lemma Gamma_mult_unitary:
  assumes "i < d" "j < d"
  shows "(\<Gamma> i * \<Gamma> j) * adj (\<Gamma> i * \<Gamma> j) = 1\<^sub>m (2 * m)"
proof -
  have "(\<Gamma> i * \<Gamma> j) * adj (\<Gamma> i * \<Gamma> j) = \<Gamma> i * ((\<Gamma> j * \<Gamma> j) * \<Gamma> i)"
    using assms Gamma_carrier[of i] Gamma_carrier[of j]
    by (simp add: adj_mult adj_Gamma assoc_mult_mat[of _ "2 * m" "2 * m" _ "2 * m" _ "2 * m"])
  also have "\<dots> = 1\<^sub>m (2 * m)"
    using assms Gamma_carrier[of i] by (simp add: Gamma_sq)
  finally show ?thesis .
qed

lemma A_carrier: "i < d \<Longrightarrow> A i \<in> carrier_mat n n"
  using A by auto

lemma X_carrier: "i < d \<Longrightarrow> X i \<in> carrier_mat n n"
  using A_carrier unfolding shiftA_def by auto

lemma adj_X: "i < d \<Longrightarrow> adj (X i) = X i"
  using A_carrier[of i] A unfolding shiftA_def hermitian_def by (simp add: adj_shift)

lemma Y_carrier: "Y \<in> carrier_mat n n"
  using B unfolding shiftB_def by auto

lemma adj_Y_carrier: "adj Y \<in> carrier_mat n n"
  using adj_carrier[OF Y_carrier] .

lemma localizer_carrier: "L \<in> carrier_mat (n * (2 * m)) (n * (2 * m))"
  unfolding localizer_def
  by (rule minus_carrier_mat[OF kron_carrier[OF adj_Y_carrier Qm_carrier]])

definition gamma_cross_term :: "complex vec \<Rightarrow> complex" where
  "gamma_cross_term v = (\<Sum>i<d. \<Sum>j\<in>{..<d} - {i}. vinner v (kron (X i * X j) (\<Gamma> i * \<Gamma> j) *\<^sub>v v))"

definition slice_energy :: "complex vec \<Rightarrow> nat \<Rightarrow> real" where
  "slice_energy v l = (\<Sum>i<d. (vnorm (X i *\<^sub>v slice n (2 * m) v l))\<^sup>2)
    + (if l < m then (vnorm (Y *\<^sub>v slice n (2 * m) v l))\<^sup>2
       else (vnorm (adj Y *\<^sub>v slice n (2 * m) v l))\<^sup>2)"

context
  fixes v :: "complex vec"
  assumes v: "v \<in> carrier_vec (n * (2 * m))"
begin

lemma index_localizer_mult_vec:
  assumes p: "p < n * (2 * m)"
  shows "(L *\<^sub>v v) $ p = (\<Sum>i<d. (kron (X i) (\<Gamma> i) *\<^sub>v v) $ p)
    + (kron Y (Pm m) *\<^sub>v v - kron (adj Y) (Qm m) *\<^sub>v v) $ p"
proof -
  let ?K = "\<lambda>i. kron (X i) (\<Gamma> i)" and ?N = "n * (2 * m)"
  have K: "?K i \<in> carrier_mat ?N ?N" if "i \<in> {..<d}" for i
    using that X_carrier Gamma_carrier by (auto intro: kron_carrier)
  have M: "msum ?N ?K {..<d} \<in> carrier_mat ?N ?N"
    "kron Y (Pm m) \<in> carrier_mat ?N ?N" "kron (adj Y) (Qm m) \<in> carrier_mat ?N ?N"
    by (auto intro!: msum_carrier kron_carrier Y_carrier adj_Y_carrier Pm_carrier Qm_carrier)
  have "L *\<^sub>v v = (msum ?N ?K {..<d} + kron Y (Pm m)) *\<^sub>v v - kron (adj Y) (Qm m) *\<^sub>v v"
    unfolding localizer_def mult.commute[of "2 * m" n]
    by (rule minus_mult_distrib_mat_vec[OF _ M(3) v]) (use M in simp)
  also have "(msum ?N ?K {..<d} + kron Y (Pm m)) *\<^sub>v v = msum ?N ?K {..<d} *\<^sub>v v + kron Y (Pm m) *\<^sub>v v"
    by (rule add_mult_distrib_mat_vec[OF M(1,2) v])
  finally have "L *\<^sub>v v = msum ?N ?K {..<d} *\<^sub>v v + kron Y (Pm m) *\<^sub>v v - kron (adj Y) (Qm m) *\<^sub>v v" .
  moreover have "(msum ?N ?K {..<d} *\<^sub>v v) $ p = (\<Sum>i<d. (?K i *\<^sub>v v) $ p)"
    by (rule index_msum_mult_vec[OF K v p])
  moreover have "dim_row (msum ?N ?K {..<d}) = ?N" "dim_row (kron Y (Pm m)) = ?N"
    "dim_row (kron (adj Y) (Qm m)) = ?N"
    using M by auto
  ultimately show ?thesis
    using p by (simp del: index_mult_mat_vec)
qed

lemma vinner_Gamma_terms:
  assumes "i < d" "j < d"
  shows "vinner (kron (X i) (\<Gamma> i) *\<^sub>v v) (kron (X j) (\<Gamma> j) *\<^sub>v v)
    = vinner v (kron (X i * X j) (\<Gamma> i * \<Gamma> j) *\<^sub>v v)"
  using vinner_kron_mult_vec[OF X_carrier Gamma_carrier X_carrier Gamma_carrier v] assms
  by (simp add: adj_X adj_Gamma)

lemma power2_vnorm_Gamma_term:
  assumes "i < d"
  shows "(vnorm (kron (X i) (\<Gamma> i) *\<^sub>v v))\<^sup>2 = (\<Sum>l<2 * m. (vnorm (X i *\<^sub>v slice n (2 * m) v l))\<^sup>2)"
  using power2_vnorm_kron_mult_vec[OF X_carrier Gamma_carrier v] assms
  by (simp add: adj_Gamma Gamma_sq)

lemma vinner_Gamma_term_Pm:
  assumes "i < d"
  shows "vinner (kron (X i) (\<Gamma> i) *\<^sub>v v) (kron Y (Pm m) *\<^sub>v v)
    = vinner v (kron (X i * Y) (\<Gamma> i * Pm m) *\<^sub>v v)"
  using vinner_kron_mult_vec[OF X_carrier Gamma_carrier Y_carrier Pm_carrier v] assms
  by (simp add: adj_X adj_Gamma)

lemma vinner_Gamma_term_Qm:
  assumes "i < d"
  shows "vinner (kron (X i) (\<Gamma> i) *\<^sub>v v) (kron (adj Y) (Qm m) *\<^sub>v v)
    = vinner v (kron (X i * adj Y) (\<Gamma> i * Qm m) *\<^sub>v v)"
  using vinner_kron_mult_vec[OF X_carrier Gamma_carrier adj_Y_carrier Qm_carrier v] assms
  by (simp add: adj_X adj_Gamma)

lemma vinner_Pm_term_Qm_term: "vinner (kron Y (Pm m) *\<^sub>v v) (kron (adj Y) (Qm m) *\<^sub>v v) = 0"
  using vinner_kron_mult_vec_diag[OF Y_carrier Pm_carrier adj_Y_carrier Qm_carrier v adj_Pm_mult_Qm]
  by simp

lemma power2_vnorm_Pm_term:
  "(vnorm (kron Y (Pm m) *\<^sub>v v))\<^sup>2
    = (\<Sum>l<2 * m. if l < m then (vnorm (Y *\<^sub>v slice n (2 * m) v l))\<^sup>2 else 0)"
  using arg_cong[OF vinner_kron_mult_vec_diag[OF Y_carrier Pm_carrier Y_carrier Pm_carrier v
        adj_Pm_mult_Pm], of Re]
  by (simp add: vinner_self Re_sum if_distrib[of "\<lambda>x. x * _"] if_distrib[of Re]
      del: of_real_power cong: if_cong)

lemma power2_vnorm_Qm_term:
  "(vnorm (kron (adj Y) (Qm m) *\<^sub>v v))\<^sup>2
    = (\<Sum>l<2 * m. if m \<le> l then (vnorm (adj Y *\<^sub>v slice n (2 * m) v l))\<^sup>2 else 0)"
  using arg_cong[OF vinner_kron_mult_vec_diag[OF adj_Y_carrier Qm_carrier adj_Y_carrier Qm_carrier v
        adj_Qm_mult_Qm], of Re]
  by (simp add: vinner_self Re_sum if_distrib[of "\<lambda>x. x * _"] if_distrib[of Re]
      del: of_real_power cong: if_cong)

lemma vinner_msum_hermitian_parts:
  assumes "\<And>i. i < d \<Longrightarrow> M i \<in> carrier_mat (n * (2 * m)) (n * (2 * m))"
  shows "vinner v (msum (n * (2 * m)) (\<lambda>i. M i + adj (M i)) {..<d} *\<^sub>v v)
    = (\<Sum>i<d. vinner v (M i *\<^sub>v v) + cnj (vinner v (M i *\<^sub>v v)))"
proof -
  have "vinner v (msum (n * (2 * m)) (\<lambda>i. M i + adj (M i)) {..<d} *\<^sub>v v)
      = (\<Sum>i<d. vinner v ((M i + adj (M i)) *\<^sub>v v))"
    using assms v by (intro vinner_msum_mult_vec add_carrier_mat adj_carrier) auto
  also have "\<dots> = (\<Sum>i<d. vinner v (M i *\<^sub>v v) + cnj (vinner v (M i *\<^sub>v v)))"
    using assms v by (intro sum.cong refl vinner_add_adj_mult_vec) auto
  finally show ?thesis .
qed

lemma vinner_Fmat:
  "vinner v (F *\<^sub>v v) = (\<Sum>i<d.
      (vinner v (kron (X i * Y) (\<Gamma> i * Pm m) *\<^sub>v v) - vinner v (kron (X i * adj Y) (\<Gamma> i * Qm m) *\<^sub>v v))
    + cnj (vinner v (kron (X i * Y) (\<Gamma> i * Pm m) *\<^sub>v v) - vinner v (kron (X i * adj Y) (\<Gamma> i * Qm m) *\<^sub>v v)))"
proof -
  let ?N = "n * (2 * m)"
  let ?G = "\<lambda>i. kron (X i * Y) (\<Gamma> i * Pm m)" and ?H = "\<lambda>i. kron (X i * adj Y) (\<Gamma> i * Qm m)"
  have carriers: "?G i \<in> carrier_mat ?N ?N" "?H i \<in> carrier_mat ?N ?N" if "i < d" for i
    using that X_carrier Y_carrier adj_Y_carrier Gamma_carrier Pm_carrier Qm_carrier
    by (auto intro!: kron_carrier mult_carrier_mat)
  have "F = msum ?N (\<lambda>i. ?G i + adj (?G i)) {..<d} - msum ?N (\<lambda>i. ?H i + adj (?H i)) {..<d}"
    unfolding Fmat_def Let_def mult.commute[of "2 * m" n] ..
  then have "vinner v (F *\<^sub>v v) = vinner v (msum ?N (\<lambda>i. ?G i + adj (?G i)) {..<d} *\<^sub>v v)
      - vinner v (msum ?N (\<lambda>i. ?H i + adj (?H i)) {..<d} *\<^sub>v v)"
    using v by (simp add: minus_mult_distrib_mat_vec[OF msum_carrier msum_carrier v] vinner_diff_right
        carrier_matD[OF msum_carrier])
  also have "\<dots> = (\<Sum>i<d. vinner v (?G i *\<^sub>v v) + cnj (vinner v (?G i *\<^sub>v v)))
      - (\<Sum>i<d. vinner v (?H i *\<^sub>v v) + cnj (vinner v (?H i *\<^sub>v v)))"
    using carriers by (simp add: vinner_msum_hermitian_parts)
  finally show ?thesis
    by (simp add: sum_subtractf[symmetric] algebra_simps)
qed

———

### Assignment:
Take from the material above the lines running from the one with "using arg_cong[OF vinner_kron_mult_vec_diag[OF Y_carrier" through the one with "(Qm m) *\<^sub>v v))\<^sup>2", and repeat them exactly, with nothing else.

### Final answer:
  using arg_cong[OF vinner_kron_mult_vec_diag[OF Y_carrier Pm_carrier Y_carrier Pm_carrier v
        adj_Pm_mult_Pm], of Re]
  by (simp add: vinner_self Re_sum if_distrib[of "\<lambda>x. x * _"] if_distrib[of Re]
      del: of_real_power cong: if_cong)

lemma power2_vnorm_Qm_term:
  "(vnorm (kron (adj Y) (Qm m) *\<^sub>v v))\<^sup>2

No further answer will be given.